:: THE PROBLEM ::
Please take the lines from the one holding "(walk_weight h (Suc i))" through the one holding "using ones by (intro sum.cong) auto" in the data below and copy them exactly.

• • • • • • •

lemma expectation_walk_prod:
  "measure_pmf.expectation (walk_pmf n a d (Suc k)) (\<lambda>w. (\<Prod>i<Suc k. h i (w!i)) * g (last w))
   = (\<Sum>v<n. walk_weight h (Suc k) v * g v) / n"
proof (induction k arbitrary: g)
  case 0
  have "measure_pmf.expectation (walk_pmf n a d (Suc 0)) (\<lambda>w. (\<Prod>i<Suc 0. h i (w!i)) * g (last w))
      = measure_pmf.expectation (pmf_of_set {..<n}) (\<lambda>v. h 0 v * g v)"
    by (simp add: integral_map_pmf)
  then show ?case using n_pos by (subst (asm) integral_pmf_of_set) auto
next
  case (Suc k)
  define g' where "g' x = (\<Sum>u<n. trans_prob x u * h (Suc k) u * g u)" for x
  have extend: "(\<Sum>u<n. trans_prob (last w) u * ((\<Prod>i<Suc (Suc k). h i ((w @ [u])!i)) * g (last (w @ [u]))))
      = (\<Prod>i<Suc k. h i (w!i)) * g' (last w)" if "length w = Suc k" for w
  proof -
    have "(\<Prod>i<Suc (Suc k). h i ((w @ [u])!i)) = (\<Prod>i<Suc k. h i (w!i)) * h (Suc k) u" for u
      using that by (simp add: nth_append)
    then show ?thesis unfolding g'_def by (simp add: sum_distrib_left mult_ac)
  qed
  have "measure_pmf.expectation (walk_pmf n a d (Suc (Suc k)))
      (\<lambda>w. (\<Prod>i<Suc (Suc k). h i (w!i)) * g (last w))
      = measure_pmf.expectation (walk_pmf n a d (Suc k)) (\<lambda>w. (\<Prod>i<Suc k. h i (w!i)) * g' (last w))"
    unfolding expectation_walk_Suc_Suc using set_pmf_walk[of "Suc k"] extend
    by (intro integral_cong_AE) (auto simp: AE_measure_pmf_iff)
  also have "\<dots> = (\<Sum>v<n. walk_weight h (Suc k) v * g' v) / n" by (rule Suc)
  also have "(\<Sum>v<n. walk_weight h (Suc k) v * g' v)
      = (\<Sum>v<n. \<Sum>u<n. walk_weight h (Suc k) v * trans_prob v u * h (Suc k) u * g u)"
    unfolding g'_def by (simp add: sum_distrib_left mult.assoc)
  also have "\<dots> = (\<Sum>u<n. \<Sum>v<n. walk_weight h (Suc k) v * trans_prob v u * h (Suc k) u * g u)"
    by (rule sum.swap)
  also have "\<dots> = (\<Sum>u<n. walk_weight h (Suc (Suc k)) u * g u)"
    by (simp add: step_push_def sum_distrib_left sum_distrib_right mult_ac)
  finally show ?case .
qed

lemma walk_weight_after_ones:
  assumes "\<And>j v. j < i \<Longrightarrow> v < n \<Longrightarrow> h j v = 1" and "v < n"
  shows "walk_weight h (Suc i) v = h i v"
  using assms
proof (induction i arbitrary: v)
  case (Suc i)
  have "walk_weight h (Suc i) u = 1" if "u < n" for u
    using Suc.IH[OF _ that] Suc.prems(1) that by simp
  then have "step_push (walk_weight h (Suc i)) v = 1"
    unfolding step_push_def using trans_prob_col_sum[OF Suc.prems(2)] by simp
  then show ?case by simp
qed simp

lemma sum_walk_weight_before_ones:
  assumes ones: "\<And>j v. i < j \<Longrightarrow> v < n \<Longrightarrow> h j v = 1"
  shows "(\<Sum>v<n. walk_weight h (Suc (i + t)) v) = (\<Sum>v<n. walk_weight h (Suc i) v)"
proof (induction t)
  case (Suc t)
  have "(\<Sum>v<n. walk_weight h (Suc (i + Suc t)) v)
      = (\<Sum>v<n. step_push (walk_weight h (Suc (i + t))) v)"
    using ones by (intro sum.cong) auto
  also have "\<dots> = (\<Sum>u<n. walk_weight h (Suc (i + t)) u)"
    unfolding step_push_def using trans_prob_row_sum
    by (subst sum.swap) (simp flip: sum_distrib_left)
  finally show ?case using Suc by simp
qed simp

lemma prob_walk_nth:
  assumes "i < l"
  shows "measure_pmf.prob (walk_pmf n a d l) {w. w!i \<in> S} = measure_pmf.prob (pmf_of_set {..<n}) S"
proof -
  obtain k where l: "l = Suc k" using assms by (cases l) auto
  define h where "h j v = (if j = i then indicator S v else (1::real))" for j v
  have "(\<Sum>v<n. walk_weight h (Suc k) v) = (\<Sum>v<n. walk_weight h (Suc i) v)"
    using sum_walk_weight_before_ones[of i h "k - i"] assms l by (simp add: h_def)
  also have "\<dots> = (\<Sum>v<n. indicator S v)"
    using walk_weight_after_ones[of i h] by (intro sum.cong) (auto simp: h_def)
  also have "\<dots> = real (card (S \<inter> {..<n}))"
    by (simp add: indicator_def sum.If_cases Int_commute)
  finally have sum_weight: "(\<Sum>v<n. walk_weight h (Suc k) v) = real (card (S \<inter> {..<n}))" .
  have "(\<lambda>w. (\<Prod>j<Suc k. h j (w!j)) * 1) = indicator {w. w!i \<in> S}"
    using assms l by (auto simp: h_def prod.delta indicator_def)
  then have "measure_pmf.prob (walk_pmf n a d l) {w. w!i \<in> S} =
      measure_pmf.expectation (walk_pmf n a d (Suc k)) (\<lambda>w. (\<Prod>j<Suc k. h j (w!j)) * 1)"
    using l by simp
  also have "\<dots> = real (card (S \<inter> {..<n})) / real n"
    using expectation_walk_prod[of k h "\<lambda>_. 1"] sum_weight by simp
  finally show ?thesis by (simp add: prob_uniform)
qed

lemma prob_walk_some_nth_le:
  "measure_pmf.prob (walk_pmf n a d l) {w. \<exists>i<l. w!i \<in> S}
   \<le> real l * measure_pmf.prob (pmf_of_set {..<n}) S"
proof -
  have "{w. \<exists>i<l. w!i \<in> S} = (\<Union>i<l. {w. w!i \<in> S})" by auto
  then have "measure_pmf.prob (walk_pmf n a d l) {w. \<exists>i<l. w!i \<in> S}
      \<le> (\<Sum>i<l. measure_pmf.prob (walk_pmf n a d l) {w. w!i \<in> S})"
    by (simp only:) (rule measure_pmf.finite_measure_subadditive_finite, auto)
  also have "\<dots> = real l * measure_pmf.prob (pmf_of_set {..<n}) S"
    by (simp add: prob_walk_nth)
  finally show ?thesis .
qed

• • • • • • •

:: RESULT OF THIS TASK ::
  then have "step_push (walk_weight h (Suc i)) v = 1"
    unfolding step_push_def using trans_prob_col_sum[OF Suc.prems(2)] by simp
  then show ?case by simp
qed simp

lemma sum_walk_weight_before_ones:
  assumes ones: "\<And>j v. i < j \<Longrightarrow> v < n \<Longrightarrow> h j v = 1"
  shows "(\<Sum>v<n. walk_weight h (Suc (i + t)) v) = (\<Sum>v<n. walk_weight h (Suc i) v)"
proof (induction t)
  case (Suc t)
  have "(\<Sum>v<n. walk_weight h (Suc (i + Suc t)) v)
      = (\<Sum>v<n. step_push (walk_weight h (Suc (i + t))) v)"
    using ones by (intro sum.cong) auto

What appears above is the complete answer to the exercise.